22 Haziran 2015 Pazartesi

Frenchman Serge Atlaoui loses appeal against execution in Indonesia

Serge Atlaoui, Frenchman on death row, with wife Sabine Atlaoui during one of her visits at Nusakambangan prison island.
Serge Atlaoui, Frenchman on death row, with wife Sabine Atlaoui during one of her visits at Nusakambangan prison island. Photo: AFP

Jakarta: The Indonesian Attorney-General's office has said no executions will be held in Indonesia in the near future despite Frenchman Serge Atlaoui losing his appeal on Monday.

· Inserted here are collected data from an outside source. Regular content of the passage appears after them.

theorem lemma4p17:
  fixes c K :: real
  assumes "c \<ge> 1" and "K > 0"
  shows "\<exists>C>0. \<forall>N A B :: real. \<forall>a :: real ^ 3. \<forall>s :: real. \<forall>m :: int.
    N \<ge> 1 \<longrightarrow> A \<ge> 1 \<longrightarrow> B \<ge> 1 \<longrightarrow> a \<in> lattice3 \<longrightarrow> sim c (norm a) A \<longrightarrow>
    s \<in> {1, -1} \<longrightarrow>
    (let S = {n \<in> lattice3. sim c (norm n) N \<and> sim c (norm (n + a)) B \<and>
                 \<bar>jbr (a + n) + s * jbr n - of_int m\<bar> \<le> K}
     in finite S \<and> real (card S) \<le> C * (min B N) ^ 3 / min (min A B) N)"
proof (intro exI[of _ "14336 * (4 * K + 3) * c ^ 4"] conjI allI impI)
  show "0 < 14336 * (4 * K + 3) * c ^ 4"
    using assms by simp
  fix N A B :: real and a :: "real ^ 3" and s :: real and m :: int
  assume "1 \<le> N" "1 \<le> A" "1 \<le> B" "a \<in> lattice3" "sim c (norm a) A" "s \<in> {1, -1}"
  then show "let S = {n \<in> lattice3. sim c (norm n) N \<and> sim c (norm (n + a)) B \<and>
                 \<bar>jbr (a + n) + s * jbr n - of_int m\<bar> \<le> K}
     in finite S \<and> real (card S) \<le> 14336 * (4 * K + 3) * c ^ 4 * (min B N) ^ 3 / min (min A B) N"
    using card_phase_resonant_set_le[of c K N A B a s "of_int m"] assms
    by (simp add: Let_def phase_def)
qed

end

Atlaoui, 51, was due to be executed with Australians Andrew Chan and Myuran Sukumaran in April, but won an eleventh hour reprieve because his appeal had not been heard in the Administrative Court.
He was contesting President Joko Widodo's rejection of his clemency plea, on the grounds he unilaterally rejected the pleas of all drug felons on death rather than considering the merits of each case.

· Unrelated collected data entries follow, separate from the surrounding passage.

(* Let $k$ be an algebraically closed field of characteristic $0$, $\alpha\in k$ with $\alpha(1-\alpha^2)\neq 0$, and let $\mathcal L_1,\mathcal L_2,\mathcal L_3,\mathcal L_4,\mathcal L_{5a},\mathcal L_{5b},\mathcal L_{6a},\mathcal L_{6b}\subset\mathbb P^5$ be the curves defined in the context (the irreducible components of the line scheme of $A(\alpha)$). Then these components intersect at twenty distinct points. The pairs meeting in exactly one point are \[ \mathcal L_2\cap\mathcal L_3=\mathcal L_2\cap\mathcal L_4=\mathcal L_3\cap\mathcal L_4=\{E_2\},\quad \mathcal L_3\cap\mathcal L_{5a}=\{E_3\},\quad \mathcal L_4\cap\mathcal L_{6a}=\{E_4\},\quad \mathcal L_{5a}\cap\mathcal L_{6a}=\{E_5\}; \] the pairs meeting in two distinct points are \[ \begin{aligned} &\mathcal L_1\cap\mathcal L_3=\{(1,0,\pm i,0,0,0)\}, && \mathcal L_2\cap\mathcal L_{5b}=\{(0,0,0,0,a,\pm ib)\},\\ &\mathcal L_1\cap\mathcal L_4=\{(0,0,0,\alpha,0,1\pm d)\}, && \mathcal L_2\cap\mathcal L_{6b}=\{(b,0,0,0,\pm i,0)\},\\ &\mathcal L_1\cap\mathcal L_{5b}=\{(0,0,\pm ia,0,0,1)\}, && \mathcal L_{5a}\cap\mathcal L_{5b}=\{(0,0,b,0,\pm i,0)\},\\ &\mathcal L_1\cap\mathcal L_{6b}=\{(\pm ia,0,0,1,0,0)\}, && \mathcal L_{6a}\cap\mathcal L_{6b}=\{(0,0,0,b,\pm ia,0)\}, \end{aligned} \] where $i,a,b,d\in k$ satisfy $i^2=-1$, $a^2=\alpha$, $b^2=2$, $d^2=1-\alpha^2$; and all other pairwise intersections are empty.
   Context: Points of $\mathbb P^5$ are written in homogeneous coordinates $(M_{12},M_{13},M_{14},M_{23},M_{24},M_{34})$, and $E_j$ denotes the point whose $j$-th coordinate is $1$ and all others $0$. With $\mathcal V(S)$ the zero locus of $S$: $\mathcal L_1=\mathcal V(M_{13},M_{24},M_{12}M_{34}+M_{14}M_{23},M_{12}^2+M_{14}^2+\alpha M_{23}^2-2M_{23}M_{34}+\alpha M_{34}^2)$; $\mathcal L_2=\mathcal V(M_{14},M_{23},M_{12}M_{34}-M_{13}M_{24},M_{12}^2+2M_{24}^2+\alpha M_{34}^2)$; $\mathcal L_3=\mathcal V(M_{23},M_{24},M_{34},M_{12}^3-M_{13}^2M_{14}+M_{12}M_{14}^2)$; $\mathcal L_4=\mathcal V(M_{12},M_{14},M_{24},M_{13}^2M_{23}-\alpha M_{23}^2M_{34}+2M_{23}M_{34}^2-\alpha M_{34}^3)$; $\mathcal L_{5a}=\mathcal V(M_{12},M_{13},M_{23},M_{34})$; $\mathcal L_{5b}=\mathcal V(M_{12},M_{13},M_{23},M_{14}^2+2M_{24}^2+\alpha M_{34}^2)$; $\mathcal L_{6a}=\mathcal V(M_{12},M_{13},M_{14},M_{34})$; $\mathcal L_{6b}=\mathcal V(M_{13},M_{14},M_{34},M_{12}^2+\alpha M_{23}^2+2M_{24}^2)$. (These are the irreducible components of the line scheme of the algebra $A(\alpha)$ on generators $x_1,\dots,x_4$ with relations $x_3x_1+x_1x_3=0$, $x_3x_2-x_2x_3=0$, $2x_2^2+\alpha x_3^2=x_1^2$, $x_4x_1+x_1x_4=0$, $x_2^2-x_4^2=0$, $x_4x_2+x_2x_4=x_3^2$.) *)

theory Defs
  imports "HOL-Computational_Algebra.Polynomial"
begin

definition alg_closed :: "'a::field itself \<Rightarrow> bool" where
  "alg_closed (T :: 'a itself) \<longleftrightarrow>
     (\<forall>p :: 'a poly. degree p \<ge> 1 \<longrightarrow> (\<exists>x. poly p x = 0))"

text \<open>Homogeneous coordinates (M12, M13, M14, M23, M24, M34) of a point of P^5.\<close>
datatype 'a pt6 = P6 (M12: 'a) (M13: 'a) (M14: 'a) (M23: 'a) (M24: 'a) (M34: 'a)

definition zero6 :: "'a::zero pt6" where "zero6 = P6 0 0 0 0 0 0"

definition scale6 :: "'a::times \<Rightarrow> 'a pt6 \<Rightarrow> 'a pt6" where
  "scale6 c v = P6 (c * M12 v) (c * M13 v) (c * M14 v) (c * M23 v) (c * M24 v) (c * M34 v)"

definition peq :: "'a::field pt6 \<Rightarrow> 'a pt6 \<Rightarrow> bool" where
  "peq u v \<longleftrightarrow> (\<exists>c. c \<noteq> 0 \<and> u = scale6 c v)"

definition pclass :: "'a::field pt6 \<Rightarrow> 'a pt6 set" where
  "pclass v = {w. w \<noteq> zero6 \<and> peq w v}"

definition E :: "nat \<Rightarrow> 'a::zero_neq_one pt6" where
  "E j = P6 (if j = 1 then 1 else 0) (if j = 2 then 1 else 0) (if j = 3 then 1 else 0)
            (if j = 4 then 1 else 0) (if j = 5 then 1 else 0) (if j = 6 then 1 else 0)"

text \<open>The components, as sets of nonzero representatives (all equations homogeneous).\<close>
definition L1 :: "'a::field \<Rightarrow> 'a pt6 set" where
  "L1 \<alpha> = {v. v \<noteq> zero6 \<and> M13 v = 0 \<and> M24 v = 0 \<and> M12 v * M34 v + M14 v * M23 v = 0 \<and>
     M12 v ^ 2 + M14 v ^ 2 + \<alpha> * M23 v ^ 2 - 2 * M23 v * M34 v + \<alpha> * M34 v ^ 2 = 0}"

definition L2 :: "'a::field \<Rightarrow> 'a pt6 set" where
  "L2 \<alpha> = {v. v \<noteq> zero6 \<and> M14 v = 0 \<and> M23 v = 0 \<and> M12 v * M34 v - M13 v * M24 v = 0 \<and>
     M12 v ^ 2 + 2 * M24 v ^ 2 + \<alpha> * M34 v ^ 2 = 0}"

definition L3 :: "'a::field \<Rightarrow> 'a pt6 set" where
  "L3 \<alpha> = {v. v \<noteq> zero6 \<and> M23 v = 0 \<and> M24 v = 0 \<and> M34 v = 0 \<and>
     M12 v ^ 3 - M13 v ^ 2 * M14 v + M12 v * M14 v ^ 2 = 0}"

definition L4 :: "'a::field \<Rightarrow> 'a pt6 set" where
  "L4 \<alpha> = {v. v \<noteq> zero6 \<and> M12 v = 0 \<and> M14 v = 0 \<and> M24 v = 0 \<and>
     M13 v ^ 2 * M23 v - \<alpha> * M23 v ^ 2 * M34 v + 2 * M23 v * M34 v ^ 2 - \<alpha> * M34 v ^ 3 = 0}"

definition L5a :: "'a::field \<Rightarrow> 'a pt6 set" where
  "L5a \<alpha> = {v. v \<noteq> zero6 \<and> M12 v = 0 \<and> M13 v = 0 \<and> M23 v = 0 \<and> M34 v = 0}"

definition L5b :: "'a::field \<Rightarrow> 'a pt6 set" where
  "L5b \<alpha> = {v. v \<noteq> zero6 \<and> M12 v = 0 \<and> M13 v = 0 \<and> M23 v = 0 \<and>
     M14 v ^ 2 + 2 * M24 v ^ 2 + \<alpha> * M34 v ^ 2 = 0}"

definition L6a :: "'a::field \<Rightarrow> 'a pt6 set" where
  "L6a \<alpha> = {v. v \<noteq> zero6 \<and> M12 v = 0 \<and> M13 v = 0 \<and> M14 v = 0 \<and> M34 v = 0}"

definition L6b :: "'a::field \<Rightarrow> 'a pt6 set" where
  "L6b \<alpha> = {v. v \<noteq> zero6 \<and> M13 v = 0 \<and> M14 v = 0 \<and> M34 v = 0 \<and>
     M12 v ^ 2 + \<alpha> * M23 v ^ 2 + 2 * M24 v ^ 2 = 0}"

definition comps :: "'a::field \<Rightarrow> 'a pt6 set list" where
  "comps \<alpha> = [L1 \<alpha>, L2 \<alpha>, L3 \<alpha>, L4 \<alpha>, L5a \<alpha>, L5b \<alpha>, L6a \<alpha>, L6b \<alpha>]"

definition intersection_pts :: "'a::field \<Rightarrow> 'a pt6 set" where
  "intersection_pts \<alpha> =
     (\<Union>j<8. \<Union>k<8. if j < k then comps \<alpha> ! j \<inter> comps \<alpha> ! k else {})"

definition proj_is1 :: "'a::field pt6 set \<Rightarrow> 'a pt6 \<Rightarrow> bool" where
  "proj_is1 S p \<longleftrightarrow> p \<noteq> zero6 \<and> S = pclass p"

definition proj_is2 :: "'a::field pt6 set \<Rightarrow> 'a pt6 \<Rightarrow> 'a pt6 \<Rightarrow> bool" where
  "proj_is2 S p q \<longleftrightarrow> p \<noteq> zero6 \<and> q \<noteq> zero6 \<and> \<not> peq p q \<and> S = pclass p \<union> pclass q"

end

theory Submission
  imports Defs
begin

text \<open>Every component lies in a coordinate subspace, so on the intersection of two components only
  the coordinates common to both subspaces survive; there are at most two of them, and the
  remaining equations either kill one of them (a coordinate point) or reduce to a binary quadratic
  form \<open>(s x)\<^sup>2 = (r y)\<^sup>2\<close>, whose zeros are the two points \<open>(r : \<plusminus>s)\<close>. The twenty points found this way
  are pairwise non-proportional because \<open>\<alpha> \<noteq> 0\<close>, \<open>\<alpha>\<^sup>2 \<noteq> 1\<close> and the characteristic is \<open>0\<close>.\<close>

lemma P6_eq_zero6_iff [simp]:
  "P6 x12 x13 x14 x23 x24 x34 = zero6 \<longleftrightarrow>
     x12 = 0 \<and> x13 = 0 \<and> x14 = 0 \<and> x23 = 0 \<and> x24 = 0 \<and> x34 = 0"
  by (simp add: zero6_def)

lemma zero6_iff: "v = zero6 \<longleftrightarrow>
    M12 v = 0 \<and> M13 v = 0 \<and> M14 v = 0 \<and> M23 v = 0 \<and> M24 v = 0 \<and> M34 v = 0"
  by (cases v) simp

lemma scale6_P6 [simp]:
  "scale6 c (P6 x12 x13 x14 x23 x24 x34) =
     P6 (c * x12) (c * x13) (c * x14) (c * x23) (c * x24) (c * x34)"
  by (simp add: scale6_def)

lemma scale6_scale6: "scale6 c (scale6 e v) = scale6 (c * e) (v :: 'a::semigroup_mult pt6)"
  by (cases v) (simp add: mult.assoc)

lemma scale6_one: "scale6 1 v = (v :: 'a::monoid_mult pt6)"
  by (cases v) simp

lemma scale6_eq_zero6_iff: "scale6 c v = zero6 \<longleftrightarrow> c = 0 \<or> v = (zero6 :: 'a::field pt6)"
  by (cases v) auto

lemma peq_P6:
  "peq (P6 x12 x13 x14 x23 x24 x34) (P6 y12 y13 y14 y23 y24 y34) \<longleftrightarrow>
     (\<exists>c. c \<noteq> 0 \<and> x12 = c * y12 \<and> x13 = c * y13 \<and> x14 = c * y14 \<and>
          x23 = c * y23 \<and> x24 = c * y24 \<and> x34 = c * y34)"
  by (simp add: peq_def)

lemma peq_refl: "peq v v"
  unfolding peq_def by (metis scale6_one one_neq_zero)

lemma peq_sym: "peq u v \<Longrightarrow> peq v u"
  unfolding peq_def
  by (metis scale6_scale6 scale6_one field_class.field_inverse inverse_nonzero_iff_nonzero mult.commute)

lemma peq_trans: "peq u v \<Longrightarrow> peq v w \<Longrightarrow> peq u w"
  unfolding peq_def by (metis scale6_scale6 no_zero_divisors)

But on Monday the Administrative Court upheld an earlier ruling in April that clemency is the prerogative of the president and the court does not have the authority to rule on it.
"Therefore we reject the appeal by the applicant and we uphold our decision of April 9, 2015," said presiding judge Ujang Abdullah.
Indonesian Attorney-General spokesman Tony Spontana said after the decision that no executions were planned in the near future. "No meetings on it have been held so far," he said.
Atlaoui's lawyer, Nancy Yuliana, said she regretted the decision but was not surprised.
Lawyers for Chan and Sukumaran had lodged similar legal challenges in the Administrative Court which had been rejected on the same grounds.
"We will inform the family and we will think of another legal way. We don't know yet," Ms Yuliana said.
Atlaoui, a welder and father of five, was arrested near Jakarta in 2005 in a meth lab at Tangerang, west of Jakarta.
He has always maintained his innocence and insisted he was merely installing equipment in what he thought was an acrylics factory.
Atlaoui was arrested with 17 others, several of whom have also been sentenced to death.
However he is the first to face the firing squad even though it was only his third day at the factory.
His legal team argue he cannot be executed alone because Indonesia requires that all those who have committed a crime must be punished together.
But the Attorney-General's spokesman, Mr Spontana, said Atlaoui could still be executed in isolation from the others.
"He can be executed separately despite committing the crime with the other perpetrators because their legal dossiers and convictions were made individually," Mr Spontana said.